• **Information given**
lemma weighted_noise_square_le:
  assumes int: "integrable M (loc_lyap R k)"
  shows "integrable M (\<lambda>\<omega>. (norm (weight_x R k \<omega>))\<^sup>2 * (norm (w k \<omega>))\<^sup>2)"
    "(\<integral>\<omega>. (norm (weight_x R k \<omega>))\<^sup>2 * (norm (w k \<omega>))\<^sup>2 \<partial>M) \<le> \<nu>x\<^sup>2 * (4 * (\<gamma> k)\<^sup>2 * Ax * (\<integral>\<omega>. loc_lyap R k \<omega> \<partial>M))"
    and "integrable M (\<lambda>\<omega>. (norm (weight_\<theta> R k \<omega>))\<^sup>2 * (norm (v k \<omega>))\<^sup>2)"
    "(\<integral>\<omega>. (norm (weight_\<theta> R k \<omega>))\<^sup>2 * (norm (v k \<omega>))\<^sup>2 \<partial>M) \<le> \<nu>\<theta>\<^sup>2 * (4 * (q * \<gamma> k)\<^sup>2 * A\<theta> * (\<integral>\<omega>. loc_lyap R k \<omega> \<partial>M))"
proof -
  have [measurable]: "weight_x R k \<in> borel_measurable (\<F> k)" "weight_\<theta> R k \<in> borel_measurable (\<F> k)"
    by measurable
  have Hx: "integrable M (\<lambda>\<omega>. 4 * (\<gamma> k)\<^sup>2 * Ax * loc_lyap R k \<omega>)"
    and H\<theta>: "integrable M (\<lambda>\<omega>. 4 * (q * \<gamma> k)\<^sup>2 * A\<theta> * loc_lyap R k \<omega>)"
    using int by simp_all
  have nonneg: "\<And>\<omega>. \<omega> \<in> space M \<Longrightarrow> 0 \<le> (norm (weight_x R k \<omega>))\<^sup>2"
    "\<And>\<omega>. \<omega> \<in> space M \<Longrightarrow> 0 \<le> (norm (weight_\<theta> R k \<omega>))\<^sup>2" by simp_all
  have \<F>x: "(\<lambda>\<omega>. (norm (weight_x R k \<omega>))\<^sup>2) \<in> borel_measurable (\<F> k)"
    and \<F>\<theta>: "(\<lambda>\<omega>. (norm (weight_\<theta> R k \<omega>))\<^sup>2) \<in> borel_measurable (\<F> k)" by measurable
  note mx = noise_second_moments(1,2)[OF \<F>x nonneg(1) weight_square_integrable(1)[OF int]]
  note m\<theta> = noise_second_moments(3,4)[OF \<F>\<theta> nonneg(2) weight_square_integrable(2)[OF int]]
  have "(\<integral>\<omega>. (norm (weight_x R k \<omega>))\<^sup>2 \<partial>M) \<le> (\<integral>\<omega>. 4 * (\<gamma> k)\<^sup>2 * Ax * loc_lyap R k \<omega> \<partial>M)"
    by (rule integral_mono[OF weight_square_integrable(1)[OF int] Hx weight_x_norm_square_le])
  then have "\<nu>x\<^sup>2 * (\<integral>\<omega>. (norm (weight_x R k \<omega>))\<^sup>2 \<partial>M) \<le> \<nu>x\<^sup>2 * (4 * (\<gamma> k)\<^sup>2 * Ax * (\<integral>\<omega>. loc_lyap R k \<omega> \<partial>M))"
    by (intro mult_left_mono) simp_all
  with mx show "integrable M (\<lambda>\<omega>. (norm (weight_x R k \<omega>))\<^sup>2 * (norm (w k \<omega>))\<^sup>2)"
    "(\<integral>\<omega>. (norm (weight_x R k \<omega>))\<^sup>2 * (norm (w k \<omega>))\<^sup>2 \<partial>M) \<le> \<nu>x\<^sup>2 * (4 * (\<gamma> k)\<^sup>2 * Ax * (\<integral>\<omega>. loc_lyap R k \<omega> \<partial>M))"
    by simp_all
  have "(\<integral>\<omega>. (norm (weight_\<theta> R k \<omega>))\<^sup>2 \<partial>M) \<le> (\<integral>\<omega>. 4 * (q * \<gamma> k)\<^sup>2 * A\<theta> * loc_lyap R k \<omega> \<partial>M)"
    by (rule integral_mono[OF weight_square_integrable(2)[OF int] H\<theta> weight_\<theta>_norm_square_le])
  then have "\<nu>\<theta>\<^sup>2 * (\<integral>\<omega>. (norm (weight_\<theta> R k \<omega>))\<^sup>2 \<partial>M) \<le> \<nu>\<theta>\<^sup>2 * (4 * (q * \<gamma> k)\<^sup>2 * A\<theta> * (\<integral>\<omega>. loc_lyap R k \<omega> \<partial>M))"
    by (intro mult_left_mono) simp_all
  with m\<theta> show "integrable M (\<lambda>\<omega>. (norm (weight_\<theta> R k \<omega>))\<^sup>2 * (norm (v k \<omega>))\<^sup>2)"
    "(\<integral>\<omega>. (norm (weight_\<theta> R k \<omega>))\<^sup>2 * (norm (v k \<omega>))\<^sup>2 \<partial>M) \<le> \<nu>\<theta>\<^sup>2 * (4 * (q * \<gamma> k)\<^sup>2 * A\<theta> * (\<integral>\<omega>. loc_lyap R k \<omega> \<partial>M))"
    by simp_all
qed

lemma loc_cross_second_moment:
  assumes int: "integrable M (loc_lyap R k)"
  shows "integrable M (\<lambda>\<omega>. (loc_cross R k \<omega>)\<^sup>2)"
    and "(\<integral>\<omega>. (loc_cross R k \<omega>)\<^sup>2 \<partial>M) \<le> cross_bound * (\<gamma> k)\<^sup>2 * (\<integral>\<omega>. loc_lyap R k \<omega> \<partial>M)"
proof -
  note wn = weighted_noise_square_le[OF int]
  define H where "H \<omega> = 2 * ((norm (weight_x R k \<omega>))\<^sup>2 * (norm (w k \<omega>))\<^sup>2)
    + 2 * ((norm (weight_\<theta> R k \<omega>))\<^sup>2 * (norm (v k \<omega>))\<^sup>2)" for \<omega>
  have H_int: "integrable M H" unfolding H_def using wn(1,3) by simp
  have bound: "(loc_cross R k \<omega>)\<^sup>2 \<le> H \<omega>" for \<omega>
  proof -
    have "\<bar>weight_x R k \<omega> \<bullet> w k \<omega>\<bar> \<le> \<bar>norm (weight_x R k \<omega>) * norm (w k \<omega>)\<bar>"
      "\<bar>weight_\<theta> R k \<omega> \<bullet> v k \<omega>\<bar> \<le> \<bar>norm (weight_\<theta> R k \<omega>) * norm (v k \<omega>)\<bar>"
      using Cauchy_Schwarz_ineq2 by simp_all
    then have "(weight_x R k \<omega> \<bullet> w k \<omega>)\<^sup>2 \<le> (norm (weight_x R k \<omega>))\<^sup>2 * (norm (w k \<omega>))\<^sup>2"
      "(weight_\<theta> R k \<omega> \<bullet> v k \<omega>)\<^sup>2 \<le> (norm (weight_\<theta> R k \<omega>))\<^sup>2 * (norm (v k \<omega>))\<^sup>2"
      by (simp_all only: abs_le_square_iff power_mult_distrib)
    moreover have "(a + b)\<^sup>2 \<le> 2 * a\<^sup>2 + 2 * b\<^sup>2" for a b :: real
      using zero_le_power2[of "a - b"] by (simp add: power2_diff power2_sum)
    ultimately show ?thesis unfolding loc_cross_eq H_def by (smt (verit))
  qed
  have meas: "(\<lambda>\<omega>. (loc_cross R k \<omega>)\<^sup>2) \<in> borel_measurable M"
    using \<F>_measurable_imp_measurable[OF loc_cross_measurable] by (rule borel_measurable_power)
  note dom = integrable_nonneg_dominated[OF H_int meas zero_le_power2 bound]
  show "integrable M (\<lambda>\<omega>. (loc_cross R k \<omega>)\<^sup>2)" using dom by simp
  have "(\<integral>\<omega>. H \<omega> \<partial>M) \<le> 2 * (\<nu>x\<^sup>2 * (4 * (\<gamma> k)\<^sup>2 * Ax * (\<integral>\<omega>. loc_lyap R k \<omega> \<partial>M)))
      + 2 * (\<nu>\<theta>\<^sup>2 * (4 * (q * \<gamma> k)\<^sup>2 * A\<theta> * (\<integral>\<omega>. loc_lyap R k \<omega> \<partial>M)))"
    unfolding H_def using wn by simp
  also have "\<dots> = cross_bound * (\<gamma> k)\<^sup>2 * (\<integral>\<omega>. loc_lyap R k \<omega> \<partial>M)"
    by (simp add: cross_bound_def power_mult_distrib algebra_simps)
  finally show "(\<integral>\<omega>. (loc_cross R k \<omega>)\<^sup>2 \<partial>M) \<le> cross_bound * (\<gamma> k)\<^sup>2 * (\<integral>\<omega>. loc_lyap R k \<omega> \<partial>M)"
    using dom by simp
qed

lemma loc_lyap_step:
  assumes int: "integrable M (loc_lyap R k)"
  shows "integrable M (loc_lyap R (Suc k))"
    and "(\<integral>\<omega>. loc_lyap R (Suc k) \<omega> \<partial>M)
      \<le> (1 + quad * (\<gamma> k)\<^sup>2) * (\<integral>\<omega>. loc_lyap R k \<omega> \<partial>M) + noise_bound * (\<gamma> k)\<^sup>2"
proof -
  note cross = loc_cross_cond_exp_zero[OF int]
  have "(\<integral>\<omega>. loc_cross R k \<omega> \<partial>M) = (\<integral>\<omega>. real_cond_exp M (\<F> k) (loc_cross R k) \<omega> \<partial>M)"
    using sigma_finite_subalgebra.real_cond_exp_int(2)[OF sub_\<F> cross(1)] by simp
  also have "\<dots> = 0" by (rule integral_eq_zero_AE[OF cross(2)])
  finally have cross_mean: "(\<integral>\<omega>. loc_cross R k \<omega> \<partial>M) = 0" .
  define H where "H \<omega> = (1 + quad * (\<gamma> k)\<^sup>2) * loc_lyap R k \<omega> + loc_cross R k \<omega> + noise_sq k \<omega>" for \<omega>
  have H_int: "integrable M H" unfolding H_def using int cross(1) noise_sq_integrable by simp
  have "loc_lyap R (Suc k) \<omega> \<le> H \<omega>" if \<omega>: "\<omega> \<in> space M" for \<omega>
  proof (cases "\<omega> \<in> start_set R")
    case True
    have "0 \<le> rate * \<gamma> k * lyap k \<omega>"
      using \<gamma>_pos[of k] lyap_nonneg q \<mu>x \<mu>\<theta> by (simp add: rate_def)
    then show ?thesis
      using True lyap_step[OF \<omega>, of k] by (simp add: H_def loc_lyap_def loc_cross_def algebra_simps)
  qed (simp add: H_def loc_lyap_def loc_cross_def noise_sq_def)
  note dom = integrable_nonneg_dominated[OF H_int _ loc_lyap_nonneg this]
  have loc_lyap_M: "loc_lyap R (Suc k) \<in> borel_measurable M"
    using \<F>_measurable_imp_measurable localized_measurable(1) by blast
  show "integrable M (loc_lyap R (Suc k))" using dom(1)[OF loc_lyap_M] .
  have "(\<integral>\<omega>. H \<omega> \<partial>M) = (1 + quad * (\<gamma> k)\<^sup>2) * (\<integral>\<omega>. loc_lyap R k \<omega> \<partial>M) + (\<integral>\<omega>. noise_sq k \<omega> \<partial>M)"
    unfolding H_def using int cross(1) noise_sq_integrable cross_mean by simp
  with dom(2)[OF loc_lyap_M] noise_sq_integral_le[of k]
  show "(\<integral>\<omega>. loc_lyap R (Suc k) \<omega> \<partial>M)
      \<le> (1 + quad * (\<gamma> k)\<^sup>2) * (\<integral>\<omega>. loc_lyap R k \<omega> \<partial>M) + noise_bound * (\<gamma> k)\<^sup>2"
    by linarith
qed

lemma loc_lyap_integrable: "integrable M (loc_lyap R k)"
proof (induction k)
  case 0
  have "loc_lyap R 0 \<omega> \<le> real R" for \<omega>
    by (cases "\<omega> \<in> start_set R") (auto simp: loc_lyap_def start_set_def)
  then show ?case
    by (intro integrable_nonneg_dominated(1)[OF integrable_const
          \<F>_measurable_imp_measurable[OF localized_measurable(1)] loc_lyap_nonneg])
qed (rule loc_lyap_step(1))

lemma loc_lyap_integral_le: "(\<integral>\<omega>. loc_lyap R k \<omega> \<partial>M) \<le> (real R + noise_bound * \<Gamma>) * exp (quad * \<Gamma>)"
proof -
  let ?u = "\<lambda>k. \<integral>\<omega>. loc_lyap R k \<omega> \<partial>M"
  have u0: "?u 0 \<le> real R"
  proof -
    have "loc_lyap R 0 \<omega> \<le> real R" for \<omega>
      by (cases "\<omega> \<in> start_set R") (auto simp: loc_lyap_def start_set_def)
    then show ?thesis
      using integral_mono[OF loc_lyap_integrable, of "\<lambda>_. real R" R 0] by (simp add: prob_space)
  qed
  have partial: "(\<Sum>j<k. (\<gamma> j)\<^sup>2) \<le> \<Gamma>" unfolding \<Gamma>_def by (rule sum_le_suminf[OF \<gamma>_sq]) auto
  have nonneg: "0 \<le> quad" "0 \<le> noise_bound" by (simp_all add: quad_def noise_bound_def)
  have "?u k \<le> (?u 0 + (\<Sum>j<k. noise_bound * (\<gamma> j)\<^sup>2)) * exp (\<Sum>j<k. quad * (\<gamma> j)\<^sup>2)"
    using loc_lyap_step(2)[OF loc_lyap_integrable] nonneg
    by (intro discrete_gronwall) (auto intro: integral_nonneg_AE loc_lyap_nonneg)
  also have "\<dots> \<le> (real R + noise_bound * \<Gamma>) * exp (quad * \<Gamma>)"
    using u0 partial nonneg \<Gamma>_nonneg
    by (intro mult_mono add_mono) (auto simp: sum_distrib_left[symmetric] mult_left_mono
        intro: add_nonneg_nonneg integral_nonneg_AE loc_lyap_nonneg sum_nonneg)
  finally show ?thesis .
qed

• **What is required**
The first line of the records and every line down to the line with "(\<lambda>\<omega>. 4 * (\<gamma>" must be quoted exactly; leave out all else.

• **Solution to the problem**
lemma weighted_noise_square_le:
  assumes int: "integrable M (loc_lyap R k)"
  shows "integrable M (\<lambda>\<omega>. (norm (weight_x R k \<omega>))\<^sup>2 * (norm (w k \<omega>))\<^sup>2)"
    "(\<integral>\<omega>. (norm (weight_x R k \<omega>))\<^sup>2 * (norm (w k \<omega>))\<^sup>2 \<partial>M) \<le> \<nu>x\<^sup>2 * (4 * (\<gamma> k)\<^sup>2 * Ax * (\<integral>\<omega>. loc_lyap R k \<omega> \<partial>M))"
    and "integrable M (\<lambda>\<omega>. (norm (weight_\<theta> R k \<omega>))\<^sup>2 * (norm (v k \<omega>))\<^sup>2)"
    "(\<integral>\<omega>. (norm (weight_\<theta> R k \<omega>))\<^sup>2 * (norm (v k \<omega>))\<^sup>2 \<partial>M) \<le> \<nu>\<theta>\<^sup>2 * (4 * (q * \<gamma> k)\<^sup>2 * A\<theta> * (\<integral>\<omega>. loc_lyap R k \<omega> \<partial>M))"
proof -
  have [measurable]: "weight_x R k \<in> borel_measurable (\<F> k)" "weight_\<theta> R k \<in> borel_measurable (\<F> k)"
    by measurable
  have Hx: "integrable M (\<lambda>\<omega>. 4 * (\<gamma> k)\<^sup>2 * Ax * loc_lyap R k \<omega>)"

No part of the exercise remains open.